This is incredible. I am flabbergasted. I was even more outraged last week, when the Auditor General tabled his report because, based on what the other side had been telling us over the last year, we thought that public finances had at least improved somewhat. This is not the case however.
Some measures need to be taken regarding taxation. Until the Liberal government takes concrete action, we will not stop repeating that it must end the unacceptable situation created by family trusts. The government must stop losing hundreds of millions every year by allowing very rich Canadian families-not middle income families, not fairly rich families, but very rich families-to use family trusts to defer for up to 80 years taxes on capital gains.
These very rich families do not use family trusts as an investment tool for future generations, or to help sick or handicapped children and relatives to be financially secure: They use these trusts as a powerful tax planning device. According to some tax experts with an excellent reputation in Canada, such as Sydney Goldstein and Neil Brooks, to whom the Liberals used to listen when they formed the opposition but no longer do so now that they are in office, it is outrageous to maintain these trusts for very rich Canadian families.
They suggest that, through special studies conducted by Statistics Canada, or through data from Revenue Canada or major corporations managing the assets of these family trusts, such as Canada Trust, which is a major contributor to the Liberal Party, the government could obtain sufficient information to make an annual estimate of what family trusts set up for the benefit of very rich families really costs Quebecers and Canadian taxpayers.
During the hearings of the special committee set up to examine family trusts, as openly as possible, as the Minister of Finance put it, the Official Opposition asked Revenue Canada to provide these data. That was two months ago and we are still waiting. Our request has not even been acknowledged. If this is what is meant by transparency, we have a problem, because Liberals and the Official Opposition obviously do not have the same definition of transparency.
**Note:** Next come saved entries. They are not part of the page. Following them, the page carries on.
theorem mainTheorem14:
  fixes R :: "'a::field fps set"
    and n :: nat and y yt :: "nat \<Rightarrow> 'a fps"
  assumes "k_subalgebra R"
    and "fps_finite_over R"
    and "fps_birational R"
    and "minimal_generators R (max_ideal R) n y"
    and "\<forall>i<n. yt i \<in> R"
    and "\<forall>i<n. y i = yt i \<or> Max (HK_set R) + 1 \<le> subdegree (y i - yt i)"
  shows "R = power_series_subalg n yt"
proof -
  note sa = assms(1)
  obtain C0 where "conductor_bound R C0" using conductor_bound_exists[OF assms(1-3)] .
  then have cond: "conductor_bound R (Suc C0)" by (rule conductor_bound_mono[rotated]) simp
  have gen: "generates R (max_ideal R) n y"
    using assms(4) unfolding minimal_generators_def by blast
  have yt: "yt i \<in> max_ideal R" "y i - yt i \<in> ideal_sq (max_ideal R)" if "i < n" for i
    using close_to_generator[OF sa cond _ _ _ assms(6)[rule_format, OF that]] gen assms(5) that
    by (auto simp: generates_def)
  have "max_ideal R \<subseteq> rspan R n yt"
    using yt(2) by (intro max_ideal_subset_rspan[OF sa cond _ gen]) auto
  then have "R \<subseteq> range (psubst n yt)"
    using yt(1) mem_range_psubst[OF sa] by (auto simp: max_ideal_def)
  moreover have "range (psubst n yt) \<subseteq> R"
    using psubst_mem[OF sa cond assms(5)] yt(1) by (auto simp: max_ideal_def)
  ultimately show ?thesis unfolding power_series_subalg_def by blast
qed

end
Mr. Farber, from the Department of Finance, also told the finance committee that a legislative authority would be needed to collect this information using a tax slip. We have submitted such a request. And again we are still waiting for an answer. Not only did we not get an answer, but I can tell you that, even though they talk about transparency and their will to correct all fiscal inequities, we have not had any co-operation from the Liberal Party or the senior officials of both the Department of Finance and the Department of Revenue. Could it be that these senior officials have been ordered by their superiors not to say anything and not to take any step to collect data on family trusts?
We could also mention all the measures needed to correct the tax situation, including the tax conventions signed, as we said before, between Canada and countries with many tax loopholes. Despite the steps taken by the Minister of Finance in his last budget, a recently released study, carried out, I believe, by Samson & Bélair, says that, in spite of everything, all the government's attempts and all the measures included in the last budget, there are still hundreds of millions of dollars being exchanged between Canadian businesses and their foreign subsidiaries located in tax havens and losses incurred by the subsidiaries being reported in Canada for tax deduction purposes. According to the Auditor General and this Samson &
Bélair study, it is estimated that hundreds of millions of tax dollars are lost this way.
I have a quote here that I would like to read to my hon. colleagues in English, if they will excuse my horrible accent. It says: "The new rules have some merit", meaning the measures taken by the Minister of Finance. "They will most certainly generate ambiguity and uncertainty. Unfortunately, the 1994 proposal did not bring the changes we were all hoping to see".
In other words, the action taken by the finance minister is not enough to prevent tax treaties with countries where corporate tax rates are lower than here, in Canada, countries such as Barbados, Cyprus, Malta and Papua New Guinea, for example.
Because of these tax treaties, businesses, mostly very large corporations, do not pay their fair share of taxes here, in Canada, and we deliberately allow some of these corporations to forego their tax responsibility and to benefit from these tax loopholes, these tax havens, thanks to which they can legally save hundreds of millions of dollars in federal taxes.
We cannot afford these tax conventions any more, especially with countries that are well-known tax havens and where tax loopholes are legion. This is utterly unfair when everyone else is being asked to make sacrifices, from middle-income families to the less-privileged, everyone except these large corporations, which take advantage of the Canadian tax loopholes and the tax breaks deliberately included in the tax treaties signed by Canada and these tax havens.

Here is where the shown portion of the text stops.